Subject: [PATCH 3/3] uprobe: fix 2-byte opcode table

Enabled probing of lar, lsl, popcnt, lddqu, prefetch insns.
They should be safe to probe, they throw no exceptions.

Enabled probing of 3-byte opcodes 0f 38-3f xx - these are
vector isns, so should be safe.

Enabled probing of many currently undefined 0f xx insns.
At the rate new vector instructions are getting added,
we don't want to constantly enable more bits.
We want to only occasionally *disable* ones which
for some reason can't be probed.
This includes 0f 24,26 opcodes, which are undefined
since Pentium. On 486, they were "mov to/from test register".

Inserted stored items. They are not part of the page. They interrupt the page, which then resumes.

(* Let $R\ge1$, $\Gamma\ge1$, $1\le s_1\le n_1$, $1\le s_2\le n_2$. For all $0<\varepsilon<1$, $$\log N(S^{R,\Gamma}_{s_1,s_2},\|\cdot\|_F,\varepsilon)\le R(s_1+s_2+1)\log\!\Big(\frac{18\Gamma R}{\varepsilon}\Big)+Rs_1\log\!\Big(\frac{en_1}{s_1}\Big)+Rs_2\log\!\Big(\frac{en_2}{s_2}\Big).$$
   Context: $N(M,\|\cdot\|,\varepsilon)$ is the minimal number of $\|\cdot\|$-balls of radius $\varepsilon$ needed to cover $M$. $S^{R,\Gamma}_{s_1,s_2}$ is the set of $Z=\sum_{r=1}^R\sigma_ru^r(v^r)^T\in\mathbb{R}^{n_1\times n_2}$ with $u^r\in\mathbb{R}^{n_1}$, $v^r\in\mathbb{R}^{n_2}$, $|\mathrm{supp}(u^r)|\le s_1$, $|\mathrm{supp}(v^r)|\le s_2$, $\|u^r\|_2=\|v^r\|_2=1$ for all $r$, and $\sigma\in\mathbb{R}^R$ with $\|\sigma\|_2\le\Gamma$. *)

theory Defs
  imports "HOL-Analysis.Analysis"
begin

definition covering_number :: "'a::real_normed_vector set \<Rightarrow> real \<Rightarrow> nat" where
  "covering_number M eps =
     (LEAST k. \<exists>C. finite C \<and> card C = k \<and> M \<subseteq> (\<Union>c\<in>C. cball c eps))"

definition vsupp :: "real ^ 'n \<Rightarrow> 'n set" where
  "vsupp u = {i. u $ i \<noteq> 0}"

text \<open>Outer product u v^T as an n1 x n2 matrix. The norm on real^'n2^'n1 is the Frobenius norm.\<close>
definition outer :: "real ^ 'n1 \<Rightarrow> real ^ 'n2 \<Rightarrow> real ^ 'n2 ^ 'n1" where
  "outer u v = (\<chi> i j. u $ i * v $ j)"

definition sparse_lowrank :: "nat \<Rightarrow> real \<Rightarrow> nat \<Rightarrow> nat \<Rightarrow> (real ^ 'n2 ^ 'n1) set" where
  "sparse_lowrank R \<Gamma> s1 s2 =
     {Z. \<exists>(\<sigma>::nat \<Rightarrow> real) (u::nat \<Rightarrow> real ^ 'n1) (v::nat \<Rightarrow> real ^ 'n2).
          Z = (\<Sum>r<R. \<sigma> r *\<^sub>R outer (u r) (v r)) \<and>
          (\<forall>r<R. card (vsupp (u r)) \<le> s1 \<and> card (vsupp (v r)) \<le> s2 \<and>
                  norm (u r) = 1 \<and> norm (v r) = 1) \<and>
          sqrt (\<Sum>r<R. (\<sigma> r)\<^sup>2) \<le> \<Gamma>}"

end

theory Submission
  imports Defs "HOL-Library.Multiset"
begin

text \<open>Each term \<open>\<sigma>\<^sub>r u\<^sup>r (v\<^sup>r)\<^sup>T\<close> is approximated by rounding \<open>\<sigma>\<^sub>r\<close> to a grid of
  step \<open>d\<close> and the sparse unit vectors \<open>u\<^sup>r\<close>, \<open>v\<^sup>r\<close> to the lattice of spacing
  \<open>\<eta>/\<surd>s\<close>, rounding each coordinate towards zero. By the triangle inequality each term
  then moves by at most \<open>d + 2\<Gamma>\<eta>\<close>, and with \<open>d, \<eta>\<close> proportional to \<open>\<epsilon>/R\<close> the
  whole sum moves by at most \<open>\<epsilon>\<close>. Rounding towards zero keeps the lattice point
  \<open>s\<close>-sparse with \<open>\<ell>\<^sub>1\<close>-norm at most \<open>s/\<eta>\<close> (Cauchy-Schwarz), so by stars and bars
  there are at most \<open>(n choose s) 2\<^sup>s ((L+s) choose s)\<close> of them, \<open>L = \<lfloor>s/\<eta>\<rfloor>\<close>, which
  \<open>(n choose k) \<le> (e n/k)\<^sup>k\<close> turns into \<open>(e n/s)\<^sup>s (2e(1 + 1/\<eta>))\<^sup>s\<close>.\<close>

lemma pow_div_fact_le_exp:
  fixes x :: real
  assumes "0 \<le> x"
  shows "x ^ k / fact k \<le> exp x"
proof -
  have s: "(\<lambda>n. x ^ n / fact n) sums exp x"
    using exp_converges[of x] by (simp add: divide_inverse scaleR_conv_of_real mult.commute)
  have "(\<Sum>n\<in>{k}. x ^ n / fact n) \<le> (\<Sum>n. x ^ n / fact n)"
    by (rule sum_le_suminf) (use s assms in \<open>auto simp: sums_iff\<close>)
  then show ?thesis
    using s by (simp add: sums_iff)
qed

lemma pow_div_exp_le_fact: "(real k / exp 1) ^ k \<le> fact k"
proof -
  have "real k ^ k / fact k \<le> exp (real k)"
    by (rule pow_div_fact_le_exp) simp
  also have "exp (real k) = exp 1 ^ k"
    by (simp add: exp_of_nat_mult[symmetric])
  finally have "real k ^ k \<le> exp 1 ^ k * fact k"
    by (simp add: field_simps)
  then show ?thesis
    by (simp add: power_divide field_simps)
qed

lemma binomial_le_exp_pow:
  assumes "1 \<le> k"
  shows "real (n choose k) \<le> (exp 1 * real n / real k) ^ k"
proof (cases "k \<le> n")
  case False
  then show ?thesis by (simp add: binomial_eq_0)
next
  case True
  have "fact k * (n choose k) = fact n div fact (n - k)"
    using binomial_fact_lemma[OF True]
    by (metis div_mult_self1_is_m fact_gt_zero mult.commute mult.left_commute)
  also have "\<dots> \<le> n ^ k"
    by (rule fact_div_fact_le_pow[OF True])
  finally have "real (fact k * (n choose k)) \<le> real (n ^ k)"
    by (simp only: of_nat_le_iff)
  then have "fact k * real (n choose k) \<le> real n ^ k"
    by simp
  then have "(real k / exp 1) ^ k * real (n choose k) \<le> real n ^ k"
    by (rule order_trans[OF mult_right_mono[OF pow_div_exp_le_fact], rotated]) simp
  then have "real (n choose k) \<le> real n ^ k / (real k / exp 1) ^ k"
    using assms by (simp add: field_simps)
  also have "\<dots> = (exp 1 * real n / real k) ^ k"
    by (simp add: power_divide field_simps)
  finally show ?thesis .
qed

text \<open>Stars and bars: \<open>f\<close> is encoded as the multiset with \<open>f i\<close> copies of \<open>Some i\<close>,
  padded with copies of \<open>None\<close> to size \<open>L\<close>.\<close>

lemma card_PiE_sum_le_binomial:
  assumes "finite S"
  shows "card {f. f \<in> S \<rightarrow>\<^sub>E (UNIV :: nat set) \<and> (\<Sum>i\<in>S. f i) \<le> L}
           \<le> (L + card S) choose card S"
    (is "card ?F \<le> _")
proof -
  define \<psi> where "\<psi> f = (\<Sum>i\<in>S. replicate_mset (f i) (Some i))
                        + replicate_mset (L - (\<Sum>i\<in>S. f i)) None" for f
  have count_\<psi>: "count (\<psi> f) (Some i) = f i" if "i \<in> S" for f i
    using assms that
    by (simp add: \<psi>_def count_sum count_replicate_mset sum.delta' if_distrib cong: if_cong)
  have inj: "inj_on \<psi> ?F"
  proof (rule inj_onI)
    fix f g assume f: "f \<in> ?F" and g: "g \<in> ?F" and eq: "\<psi> f = \<psi> g"
    show "f = g"
    proof (rule PiE_ext)
      show "f \<in> S \<rightarrow>\<^sub>E UNIV" "g \<in> S \<rightarrow>\<^sub>E UNIV" using f g by auto
    next
      fix i assume "i \<in> S"
      then show "f i = g i" using count_\<psi>[of i f] count_\<psi>[of i g] eq by simp
    qed
  qed
  have sub: "\<psi> ` ?F \<subseteq> multisets_of_size (insert None (Some ` S)) L"
  proof
    fix M assume "M \<in> \<psi> ` ?F"
    then obtain f where f: "f \<in> ?F" and M: "M = \<psi> f" by blast
    have "count M x = 0" if "x \<notin> insert None (Some ` S)" for x
      using that by (auto simp: M \<psi>_def count_sum count_replicate_mset intro!: sum.neutral)
    then have "set_mset M \<subseteq> insert None (Some ` S)"
      by (meson count_eq_zero_iff subsetI)
    moreover have "size M = L" using f by (simp add: M \<psi>_def)
    ultimately show "M \<in> multisets_of_size (insert None (Some ` S)) L"
      by (simp add: multisets_of_size_def)
  qed
  have "card ?F = card (\<psi> ` ?F)"
    using inj by (simp add: card_image)
  also have "\<dots> \<le> card (multisets_of_size (insert None (Some ` S)) L)"
    by (rule card_mono[OF _ sub]) (use assms in \<open>simp add: finite_multisets_of_size\<close>)
  also have "\<dots> = (card S + 1 + L - 1) choose L"
    using assms by (simp add: card_multisets_of_size card_image)
  also have "\<dots> = (L + card S) choose card S"
    using binomial_symmetric[of L "L + card S"] by (simp add: add.commute)
  finally show ?thesis .
qed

Explained more fully what 0f 78,79 opcodes are.

Explained what 0f ae opcode is. (It's unclear why we don't allow
probing it, but let's not change it for now).

Signed-off-by: Denys Vlasenko <[email protected]>
CC: Jim Keniston <[email protected]>
CC: Masami Hiramatsu <[email protected]>
CC: Srikar Dronamraju <[email protected]>
CC: Ingo Molnar <[email protected]>
CC: Oleg Nesterov <[email protected]>
---
arch/x86/kernel/uprobes.c | 52 ++++++++++++++++-------------------------------
1 file changed, 17 insertions(+), 35 deletions(-)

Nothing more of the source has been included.